Habe auch im Minutentakt Emails bekommen. Daraufhin hab ich halt geschrieben, wie es bei mir dazu gekommen ist. Wenn ich dann drunter schreibe ich habe angst, ist das nicht gleichzusetzen mit: Ich hätte gerne eine persönliche Rechtsberatung.


----------



## Captain Picard (12 April 2011)

*AW: mms-center.de: Dubiose SMS locken auf Abo-Seite*

Wer sich hier als  "Unregistriert" meldet,  kann nicht erwarten, gezielte Antworten zu  bekommen.

Anmelden ist in diesem Unterforum  zwar keine  Voraussetzung fürs Posten, Gedankenlesen
 unsererseits allerdings auch nicht.


----------



## Reducal (13 April 2011)

*AW: mms-center.de: Dubiose SMS locken auf Abo-Seite*



Uocutud Praisel schrieb:


> Ich seh nicht ein da irgendwas zu bezahlen...
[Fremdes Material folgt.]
text \<open>
  Measure distances in \<open>\<real>\<^sup>n \<times> \<real>\<^sup>m\<close> by \<open>\<rho>(p, q) = |x - z|\<^sup>s + |y - w|\<^sup>s\<close>; for \<open>0 < s \<le> 1\<close>
  this satisfies the triangle inequality, since \<open>t \<mapsto> t\<^sup>s\<close> is subadditive. The seminorm
  \<open>[u]\<close> is exactly the best constant \<open>c\<close> with \<open>|u p - u q| \<le> c \<rho>(p, q)\<close>: passing from
  \<open>(x, y)\<close> to \<open>(z, w)\<close> through the corner \<open>(z, y)\<close> changes one variable at a time.
  Hence an admissible \<open>u\<close> satisfies \<open>|u p| \<le> [u] d(p)\<close>, where \<open>d\<close> is the \<open>\<rho>\<close>-distance to
  \<open>\<partial>\<Omega>\<close>, so \<open>1 \<le> [u] R\<^sub>s\<close>. Conversely \<open>d / R\<^sub>s\<close>, extended by zero, is admissible with
  seminorm at most \<open>1 / R\<^sub>s\<close>: being a distance function it is \<open>1\<close>-Lipschitz for \<open>\<rho>\<close>, also
  across \<open>\<partial>\<Omega>\<close>, because every segment from \<open>\<Omega>\<close> to its complement meets \<open>\<partial>\<Omega>\<close>.
\<close>

lemma powr_add_le_add_powr:
  fixes a b s :: real
  assumes "0 \<le> a" "0 \<le> b" "0 < s" "s \<le> 1"
  shows "(a + b) powr s \<le> a powr s + b powr s"
proof (cases "a + b = 0")
  case True
  then show ?thesis using assms by auto
next
  case False
  hence ab: "a + b > 0" using assms by linarith
  have le_powr: "t \<le> t powr s" if "0 \<le> t" "t \<le> 1" for t :: real
  proof (cases "t = 0")
    case False
    hence "t powr 1 \<le> t powr s" using that assms by (intro powr_mono') auto
    thus ?thesis using False that by simp
  qed simp
  define t where "t = a / (a + b)"
  have t01: "0 \<le> t" "t \<le> 1" using assms ab by (auto simp: t_def field_simps)
  have "a = t * (a + b)" "b = (1 - t) * (a + b)" using ab by (auto simp: t_def field_simps)
  hence "a powr s + b powr s = (t powr s + (1 - t) powr s) * (a + b) powr s"
    using t01 ab by (metis distrib_right less_eq_real_def powr_mult diff_ge_0_iff_ge)
  also have "\<dots> \<ge> 1 * (a + b) powr s"
    using le_powr[of t] le_powr[of "1 - t"] t01 by (intro mult_right_mono) auto
  finally show ?thesis by simp
qed

lemma norm_diff_powr_triangle:
  fixes x y z :: "'a::real_normed_vector"
  assumes "0 < s" "s \<le> 1"
  shows "norm (x - z) powr s \<le> norm (x - y) powr s + norm (y - z) powr s"
proof -
  have "norm (x - z) powr s \<le> (norm (x - y) + norm (y - z)) powr s"
    using assms by (intro powr_mono2) (auto intro: norm_diff_triangle_le)
  also have "\<dots> \<le> norm (x - y) powr s + norm (y - z) powr s"
    using assms by (intro powr_add_le_add_powr) auto
  finally show ?thesis .
qed

definition holder_dist ::
    "real \<Rightarrow> ('a::real_normed_vector \<times> 'b::real_normed_vector) \<Rightarrow> 'a \<times> 'b \<Rightarrow> real" where
  "holder_dist s p q = norm (fst p - fst q) powr s + norm (snd p - snd q) powr s"

lemma holder_dist_nonneg: "0 \<le> holder_dist s p q"
  by (simp add: holder_dist_def)

lemma holder_dist_commute: "holder_dist s p q = holder_dist s q p"
  by (simp add: holder_dist_def norm_minus_commute)

lemma holder_dist_triangle:
  assumes "0 < s" "s \<le> 1"
  shows "holder_dist s p r \<le> holder_dist s p q + holder_dist s q r"
  using norm_diff_powr_triangle[OF assms, of "fst p" "fst r" "fst q"]
        norm_diff_powr_triangle[OF assms, of "snd p" "snd r" "snd q"]
  by (simp add: holder_dist_def)

lemma holder_dist_segment_le:
  assumes "r \<in> closed_segment p q" "0 \<le> s"
  shows "holder_dist s p r \<le> holder_dist s p q"
proof -
  obtain u :: real where u: "0 \<le> u" "u \<le> 1" "r = (1 - u) *\<^sub>R p + u *\<^sub>R q"
    using assms(1) by (auto simp: in_segment)
  have "fst p - fst r = u *\<^sub>R (fst p - fst q)" "snd p - snd r = u *\<^sub>R (snd p - snd q)"
    unfolding u(3) by (simp_all add: algebra_simps)
  hence "norm (fst p - fst r) \<le> norm (fst p - fst q)" "norm (snd p - snd r) \<le> norm (snd p - snd q)"
    using u by (auto intro: mult_left_le_one_le)
  thus ?thesis
    unfolding holder_dist_def using assms(2) by (intro add_mono powr_mono2) auto
qed

lemma holder_dist_le_norm_powr:
  assumes "0 \<le> s"
  shows "holder_dist s p q \<le> 2 * norm (p - q) powr s"
proof -
  have "norm (fst p - fst q) \<le> norm (p - q)" "norm (snd p - snd q) \<le> norm (p - q)"
    using norm_fst_le[of "fst p - fst q" "snd p - snd q"] norm_snd_le[of "snd p - snd q" "fst p - fst q"]
    by (cases p, cases q, simp)+
  thus ?thesis
    unfolding holder_dist_def using assms by (smt (verit) norm_ge_zero powr_mono2)
qed

lemma half_norm_powr_le_holder_dist:
  assumes "0 \<le> s"
  shows "(norm (p - q) / 2) powr s \<le> holder_dist s p q"
proof -
  have "norm (p - q) \<le> norm (fst p - fst q) + norm (snd p - snd q)"
    using norm_Pair_le[of "fst p - fst q" "snd p - snd q"] by (cases p, cases q) simp
  hence "norm (p - q) / 2 \<le> norm (fst p - fst q) \<or> norm (p - q) / 2 \<le> norm (snd p - snd q)"
    by linarith
  thus ?thesis
    unfolding holder_dist_def using assms
    by (smt (verit) norm_ge_zero powr_ge_zero powr_mono2 zero_le_divide_iff)
qed

definition frontier_holder_dist ::
    "real \<Rightarrow> ('a::real_normed_vector \<times> 'b::real_normed_vector) set \<Rightarrow> 'a \<times> 'b \<Rightarrow> real" where
  "frontier_holder_dist s \<Omega> p = (INF q\<in>frontier \<Omega>. holder_dist s p q)"

lemma frontier_holder_dist_le:
  "q \<in> frontier \<Omega> \<Longrightarrow> frontier_holder_dist s \<Omega> p \<le> holder_dist s p q"
  unfolding frontier_holder_dist_def
  by (intro cINF_lower bdd_belowI[of _ 0]) (auto simp: holder_dist_nonneg)

lemma le_frontier_holder_dist:
  "frontier \<Omega> \<noteq> {} \<Longrightarrow> (\<And>q. q \<in> frontier \<Omega> \<Longrightarrow> c \<le> holder_dist s p q)
    \<Longrightarrow> c \<le> frontier_holder_dist s \<Omega> p"
  unfolding frontier_holder_dist_def by (rule cINF_greatest)

lemma frontier_holder_dist_nonneg:
  "frontier \<Omega> \<noteq> {} \<Longrightarrow> 0 \<le> frontier_holder_dist s \<Omega> p"
  by (rule le_frontier_holder_dist) (auto simp: holder_dist_nonneg)

lemma frontier_holder_dist_le_add:
  assumes "frontier \<Omega> \<noteq> {}" "0 < s" "s \<le> 1"
  shows "frontier_holder_dist s \<Omega> p \<le> holder_dist s p q + frontier_holder_dist s \<Omega> q"
proof -
  have "frontier_holder_dist s \<Omega> p - holder_dist s p q \<le> frontier_holder_dist s \<Omega> q"
  proof (rule le_frontier_holder_dist[OF assms(1)])
    fix r assume "r \<in> frontier \<Omega>"
    thus "frontier_holder_dist s \<Omega> p - holder_dist s p q \<le> holder_dist s q r"
      using frontier_holder_dist_le[of r \<Omega> s p] holder_dist_triangle[OF assms(2,3), of p r q]
      by simp
  qed
  thus ?thesis by simp
qed

lemma frontier_holder_dist_le_outside:
  assumes "p \<in> \<Omega>" "q \<notin> \<Omega>" "0 \<le> s"
  shows "frontier_holder_dist s \<Omega> p \<le> holder_dist s p q"
proof -
  have "closed_segment p q \<inter> frontier \<Omega> \<noteq> {}"
    using assms by (intro connected_Int_frontier) auto
  then obtain r where "r \<in> closed_segment p q" "r \<in> frontier \<Omega>" by blast
  thus ?thesis
    using frontier_holder_dist_le holder_dist_segment_le assms(3) by (metis order.trans)
qed
lemma gate_output_eq_indicator:
  assumes "i \<in> {1..M}"
  shows "of_bool (ineq (closed_face i upper0) (gate_input i x))
           - of_bool (\<not> ineq (closed_face i lower0) (slack i lower0 x))
         = (indicator (cube_set (c i) (u i) (r i) (lo i) (hi i)) x :: real)"
proof -
  let ?holds = "\<lambda>q. ineq (closed_face i q) (slack i q x)"
  let ?bad = "other_faces \<inter> {q. \<not> ?holds q}"
  have V: "violations i x = real (card ?bad)" by (simp add: violations_def)
  have "card ?bad \<le> card other_faces" by (rule card_mono) auto
  then have "penalty i * violations i x \<le> lower_penalty i"
    using r_pos[OF assms] by (simp add: V penalty_def lower_penalty_def)
  moreover have "violations i x = 0 \<or> 1 \<le> violations i x"
    unfolding V by (cases "card ?bad") simp_all
  moreover have "slack i lower0 x + slack i upper0 x = 2 * r i" by (simp add: face_slack_def)
  ultimately have gate: "ineq (closed_face i upper0) (gate_input i x) \<longleftrightarrow>
                         \<not> ?holds lower0 \<or> (violations i x = 0 \<and> ?holds upper0)"
    using r_pos[OF assms] unfolding gate_input_def by (intro ineq_gate_iff) (auto simp: penalty_def)
  have "violations i x = 0 \<longleftrightarrow> (\<forall>q\<in>other_faces. ?holds q)"
    using finite[of ?bad] unfolding V of_nat_eq_0_iff card_eq_0_iff by blast
  moreover have "(\<forall>q. P q) \<longleftrightarrow> P upper0 \<and> P lower0 \<and> (\<forall>q\<in>other_faces. P q)" for P
    by auto
  ultimately have "x \<in> cube_set (c i) (u i) (r i) (lo i) (hi i) \<longleftrightarrow>
                   ?holds upper0 \<and> ?holds lower0 \<and> violations i x = 0"
    by (simp add: mem_cube_set_iff)
  then show ?thesis using gate by (auto simp: indicator_def)
qed

lemma sum_cube_indicators_in_hclass:
  "(\<lambda>x. \<Sum>i=1..M. \<alpha> i * indicator (cube_set (c i) (u i) (r i) (lo i) (hi i)) x) \<in> hclass arch"
  unfolding hclass_def
proof (intro CollectI exI allI)
  fix x
  show "(\<Sum>i=1..M. \<alpha> i * indicator (cube_set (c i) (u i) (r i) (lo i) (hi i)) x) =
        net_output arch weight bias x"
    by (simp add: net_output_cube_arch gate_output_eq_indicator)
qed

end


theorem proposition10:
  fixes M :: nat
  assumes "M \<ge> 1"
  shows "\<exists>A :: ('n::finite) arch.
           valid_arch A \<and> num_hidden_layers A = 2 \<and>
           num_weights A = 2 * (CARD('n) + 1)^2 * M \<and>
           (\<forall>(\<alpha>::nat \<Rightarrow> real) (C::nat \<Rightarrow> (real^'n) set).
              (\<forall>i\<in>{1..M}. hypercube (C i)) \<and>
              (\<forall>i\<in>{1..M}. \<forall>j\<in>{1..M}. i \<noteq> j \<longrightarrow> C i \<inter> C j = {}) \<longrightarrow>
              (\<lambda>x. \<Sum>i=1..M. \<alpha> i * indicator (C i) x) \<in> hclass A)"
proof (intro exI[of _ "cube_arch M undefined"] conjI allI impI)
  fix \<alpha> :: "nat \<Rightarrow> real" and C :: "nat \<Rightarrow> (real^'n) set"
  assume cubes: "(\<forall>i\<in>{1..M}. hypercube (C i)) \<and> (\<forall>i\<in>{1..M}. \<forall>j\<in>{1..M}. i \<noteq> j \<longrightarrow> C i \<inter> C j = {})"
  obtain c u r lo hi
    where C: "\<forall>i\<in>{1..M}. 0 < r i \<and> C i = cube_set (c i) (u i) (r i) (lo i) (hi i)"
    using hypercube_family_imp_cube_sets[OF conjunct1[OF cubes]] by blast
  interpret cube_family M undefined c u r lo hi \<alpha>
    using assms C by unfold_locales auto
  have C_eq: "(\<lambda>x. \<Sum>i=1..M. \<alpha> i * indicator (C i) x) =
        (\<lambda>x. \<Sum>i=1..M. \<alpha> i * indicator (cube_set (c i) (u i) (r i) (lo i) (hi i)) x)"
    using C by (intro ext sum.cong) auto
  show "(\<lambda>x. \<Sum>i=1..M. \<alpha> i * indicator (C i) x) \<in> hclass (cube_arch M undefined)"
    unfolding C_eq by (rule sum_cube_indicators_in_hclass)
qed (rule valid_cube_arch[OF assms] num_hidden_layers_cube_arch[OF assms]
          num_weights_cube_arch[OF assms])+
lemma tchild_volume_gap_le:
  fixes d j k :: nat and \<epsilon> :: real and \<alpha> \<beta> :: "nat \<Rightarrow> real"
  defines "\<delta> \<equiv> tdelta d \<epsilon> \<alpha> \<beta> j"
  assumes jk: "1 \<le> j" "j \<le> k" "k \<le> d" and "0 < \<epsilon>" "0 < \<delta>" "\<delta> \<le> 1"
    and gap: "\<delta> ^ (d - j + 1) * mixed_volume d \<alpha> \<beta> j = anchored_volume d \<beta> - \<epsilon>"
  shows "anchored_volume d (tchild_b d \<epsilon> \<alpha> \<beta> j k) - \<epsilon>
           \<le> \<delta> ^ (d - k + 1) * mixed_volume d (tchild_a d \<epsilon> \<alpha> \<beta> j k) (tchild_b d \<epsilon> \<alpha> \<beta> j k) k"
proof -
  have "anchored_volume d (tchild_b d \<epsilon> \<alpha> \<beta> j k) - \<epsilon> \<le> \<delta> * (anchored_volume d \<beta> - \<epsilon>)"
    using anchored_volume_tchild_b[of k d j] jk \<open>0 < \<epsilon>\<close> \<open>\<delta> \<le> 1\<close> mult_left_le_one_le[of \<epsilon> \<delta>] \<open>0 < \<delta>\<close>
    by (simp add: \<delta>_def algebra_simps)
  also have "\<dots> = \<delta> * (\<delta> ^ (d - j + 1) * mixed_volume d \<alpha> \<beta> j)"
    using gap by simp
  also have "\<dots> = \<delta> ^ (d - k + 1) * \<delta> ^ (Suc k - j) * mixed_volume d \<alpha> \<beta> j"
  proof -
    have "d - k + 1 + (Suc k - j) = Suc (d - j + 1)"
      using jk by simp
    then show ?thesis
      by (metis power_add power_Suc mult.assoc)
  qed
  also have "\<dots> = \<delta> ^ (d - k + 1) * mixed_volume d (tchild_a d \<epsilon> \<alpha> \<beta> j k) (tchild_b d \<epsilon> \<alpha> \<beta> j k) k"
    using mixed_volume_tchild[OF jk] by (simp add: \<delta>_def)
  finally show ?thesis .
qed

lemma gen_invariant_tchild:
  assumes d: "d \<ge> 1" and \<epsilon>: "0 < \<epsilon>" "\<epsilon> < 1"
    and inv: "gen_invariant d \<epsilon> r \<alpha> \<beta> j" and "j \<le> d" "\<epsilon> < tweight d \<alpha> \<beta>"
    and k: "j \<le> k" "k \<le> d"
  shows "gen_invariant d \<epsilon> (Suc r) (tchild_a d \<epsilon> \<alpha> \<beta> j k) (tchild_b d \<epsilon> \<alpha> \<beta> j k) k"
proof -
  define c where "c = 1 - (1 - \<epsilon>) powr (1 / real d)"
  define \<delta> where "\<delta> = tdelta d \<epsilon> \<alpha> \<beta> j"
  have "0 \<le> c"
    using \<epsilon> powr_le1[of "1 / real d" "1 - \<epsilon>"] by (simp add: c_def)
  from inv \<open>j \<le> d\<close> have j: "1 \<le> j" and \<beta>: "\<forall>i\<in>{1..d}. 0 < \<beta> i"
    and \<alpha>: "\<forall>i\<in>{1..d}. 0 \<le> \<alpha> i" "\<forall>i\<in>{j..d}. \<alpha> i = 0"
    and B_le: "anchored_volume d \<beta> \<le> 1 - real r * c"
    unfolding gen_invariant_def c_def by auto
  from inv \<open>j \<le> d\<close> obtain \<theta> where \<theta>: "0 < \<theta>" "\<theta> \<le> 1" "\<forall>i\<in>{1..<j}. \<theta> * \<beta> i \<le> \<alpha> i"
    and shrink: "anchored_volume d \<beta> - \<epsilon> \<le> \<theta> ^ (d - j + 1) * mixed_volume d \<alpha> \<beta> j"
    unfolding gen_invariant_def by blast
  have B_gt: "\<epsilon> < anchored_volume d \<beta>"
    using \<open>\<epsilon> < tweight d \<alpha> \<beta>\<close> tweight_eq_anchored_volume[OF j \<open>j \<le> d\<close> \<alpha>(2)] by simp
  have "anchored_volume d \<beta> \<le> 1"
    using B_le \<open>0 \<le> c\<close> by (smt (verit) mult_nonneg_nonneg of_nat_0_le_iff)
  from tdelta_bounds[OF d \<epsilon> j \<open>j \<le> d\<close> \<beta> \<theta> shrink B_gt this]
  have "0 < \<delta>" "\<delta> \<le> \<theta>" and gap: "\<delta> ^ (d - j + 1) * mixed_volume d \<alpha> \<beta> j = anchored_volume d \<beta> - \<epsilon>"
    and loss: "c \<le> (1 - \<delta>) * anchored_volume d \<beta>"
    unfolding \<delta>_def c_def by auto
  have "anchored_volume d (tchild_b d \<epsilon> \<alpha> \<beta> j k) \<le> 1 - real (Suc r) * c"
    using anchored_volume_tchild_b[of k d j] j k loss B_le by (simp add: \<delta>_def algebra_simps)
  moreover have "0 < \<delta>" "\<delta> \<le> 1" "1 \<le> k" "k \<le> Suc d"
    using \<open>0 < \<delta>\<close> \<open>\<delta> \<le> \<theta>\<close> \<theta> j k by auto
  moreover have "anchored_volume d (tchild_b d \<epsilon> \<alpha> \<beta> j k) - \<epsilon>
      \<le> \<delta> ^ (d - k + 1) * mixed_volume d (tchild_a d \<epsilon> \<alpha> \<beta> j k) (tchild_b d \<epsilon> \<alpha> \<beta> j k) k"
    using tchild_volume_gap_le[OF j k \<epsilon>(1)] gap \<open>0 < \<delta>\<close> \<open>\<delta> \<le> 1\<close> unfolding \<delta>_def by blast
  moreover note tchild_corners[OF k \<open>0 < \<delta>\<close>[unfolded \<delta>_def] \<open>\<delta> \<le> \<theta>\<close>[unfolded \<delta>_def] \<alpha> \<beta> \<theta>(3),
      folded \<delta>_def]
  ultimately show ?thesis
    unfolding gen_invariant_def c_def[symmetric] by blast
qed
Musst du doch auch nicht! Niemand zwingt dich auf Rechnungsspam zu reagieren und den Forderungssteller mit seinem Ansinnen ernst zu nehmen.

Nur weil jemand einen "Startcode", der ihm unter einem Vorwand als SMS-Spam zugestellt wurde, in eine Website einträgt, ist die dadurch ausgelöste Forderung längst nicht zwingend bindend. Das deutsche BGB schreibt eine andere Abfolge einer korrekten Vertragsbindung vor.


----------



## Unregistriert (18 April 2011)

*AW: mms-center.de: Dubiose SMS locken auf Abo-Seite*

Ich habe es drauf ankommen lassen und die Rechnungshinweise nicht bezahlt.
Jetzt kam die erste Mahnung... ich stell sie mal rein, damit ihr wisst, wie sowas bei NewTelia aussieht. vllt könnt ihr ja was dazu sagen ! 


Mahnung
\
Sehr geehrte/r .... 


am 2011-03-20 18:56:08 haben Sie sich mit der IP-Adresse 84.191.100.140 bei uns registriert.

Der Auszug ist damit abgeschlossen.